- [Task brief]:
All lines from the opening of the data to the line containing "1 eq' by eventually_elim simp" must be returned unchanged, and only those lines.
┌─ Supplied records
lemma grows_no_faster_trans:
  assumes g: "filterlim g at_top at_top"
    and hg: "grows_no_faster h g" and gk: "grows_no_faster g k"
  shows "grows_no_faster h k"
proof -
  from gk consider (eq') "eventually (\<lambda>x. g x = k x) at_top"
    | (lim') "filterlim (\<lambda>x. k x / g x) at_top at_top"
    unfolding grows_no_faster_def by blast
  then show ?thesis
  proof cases
    case eq'
    from hg consider "eventually (\<lambda>x. h x = g x) at_top"
      | "filterlim (\<lambda>x. g x / h x) at_top at_top"
      unfolding grows_no_faster_def by blast
    then show ?thesis
    proof cases
      case 1
      have "eventually (\<lambda>x. h x = k x) at_top" using 1 eq' by eventually_elim simp
      then show ?thesis unfolding grows_no_faster_def ..
    next
      case 2
      have "eventually (\<lambda>x. g x / h x = k x / h x) at_top" using eq' by eventually_elim simp
      with 2 show ?thesis unfolding grows_no_faster_def by (blast intro: filterlim_germ_cong)
    qed
  next
    case lim'
    from hg consider "eventually (\<lambda>x. h x = g x) at_top"
      | "filterlim (\<lambda>x. g x / h x) at_top at_top"
      unfolding grows_no_faster_def by blast
    then show ?thesis
    proof cases
      case 1
      have "eventually (\<lambda>x. k x / g x = k x / h x) at_top" using 1 by eventually_elim simp
      with lim' show ?thesis unfolding grows_no_faster_def by (blast intro: filterlim_germ_cong)
    next
      case 2
      have "filterlim (\<lambda>x. k x / g x * (g x / h x)) at_top at_top"
        by (rule filterlim_at_top_mult_at_top[OF lim' 2])
      moreover have "eventually (\<lambda>x. k x / g x * (g x / h x) = k x / h x) at_top"
        using eventually_pos_at_top[OF g] by eventually_elim simp
      ultimately show ?thesis unfolding grows_no_faster_def by (blast intro: filterlim_germ_cong)
    qed
  qed
qed

lemma fastest_growing_exists:
  assumes T_top: "\<forall>h\<in>T. filterlim h at_top at_top"
    and T_comp: "\<forall>f\<in>T. \<forall>g\<in>T. comparable f g"
    and "finite S" "S \<noteq> {}" "S \<subseteq> T"
  shows "\<exists>h0\<in>S. \<forall>h\<in>S. grows_no_faster h h0"
  using assms(3-5)
proof (induction S rule: finite_ne_induct)
  case (singleton a)
  then show ?case by (simp add: grows_no_faster_def)
next
  case (insert a S)
  then obtain h0 where h0: "h0 \<in> S" "\<forall>h\<in>S. grows_no_faster h h0" by auto
  have in_T: "h0 \<in> T" "a \<in> T" using h0(1) insert.prems by auto
  from comparable_grows_no_faster[of a h0] T_comp in_T
  consider "grows_no_faster a h0" | "grows_no_faster h0 a" by blast
  then show ?case
  proof cases
    case 1
    then show ?thesis using h0 by auto
  next
    case 2
    have "grows_no_faster h a" if "h \<in> S" for h
      using grows_no_faster_trans[of h0 h a] T_top in_T h0(2) that 2 by blast
    then show ?thesis by (auto simp: grows_no_faster_def)
  qed
qed

lemma lincomb_dominant_part:
  assumes below: "\<forall>t\<in>set L. grows_no_faster (snd t) h0"
  defines "equals_h0 \<equiv> \<lambda>t :: real \<times> (real \<Rightarrow> real). eventually (\<lambda>x. snd t x = h0 x) at_top"
  shows "eventually (\<lambda>x. lincomb L x
            = sum_list (map fst (filter equals_h0 L)) * h0 x + lincomb (filter (\<lambda>t. \<not> equals_h0 t) L) x) at_top"
    and "((\<lambda>x. lincomb (filter (\<lambda>t. \<not> equals_h0 t) L) x / h0 x) \<longlongrightarrow> 0) at_top"
proof -
  have "eventually (\<lambda>x. lincomb (filter equals_h0 L) x = sum_list (map fst (filter equals_h0 L)) * h0 x) at_top"
    by (rule lincomb_all_equal) (auto simp: equals_h0_def)
  then show "eventually (\<lambda>x. lincomb L x
            = sum_list (map fst (filter equals_h0 L)) * h0 x + lincomb (filter (\<lambda>t. \<not> equals_h0 t) L) x) at_top"
    by eventually_elim (metis lincomb_filter)
  show "((\<lambda>x. lincomb (filter (\<lambda>t. \<not> equals_h0 t) L) x / h0 x) \<longlongrightarrow> 0) at_top"
  proof (rule lincomb_small, intro ballI)
    fix t assume "t \<in> set (filter (\<lambda>t. \<not> equals_h0 t) L)"
    then have "filterlim (\<lambda>x. h0 x / snd t x) at_top at_top"
      using below by (auto simp: equals_h0_def grows_no_faster_def)
    from tendsto_inverse_0_at_top[OF this]
    show "((\<lambda>x. snd t x / h0 x) \<longlongrightarrow> 0) at_top" by simp
  qed
qed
└─
- [Answer to this task]:
lemma grows_no_faster_trans:
  assumes g: "filterlim g at_top at_top"
    and hg: "grows_no_faster h g" and gk: "grows_no_faster g k"
  shows "grows_no_faster h k"
proof -
  from gk consider (eq') "eventually (\<lambda>x. g x = k x) at_top"
    | (lim') "filterlim (\<lambda>x. k x / g x) at_top at_top"
    unfolding grows_no_faster_def by blast
  then show ?thesis
  proof cases
    case eq'
    from hg consider "eventually (\<lambda>x. h x = g x) at_top"
      | "filterlim (\<lambda>x. g x / h x) at_top at_top"
      unfolding grows_no_faster_def by blast
    then show ?thesis
    proof cases
      case 1
      have "eventually (\<lambda>x. h x = k x) at_top" using 1 eq' by eventually_elim simp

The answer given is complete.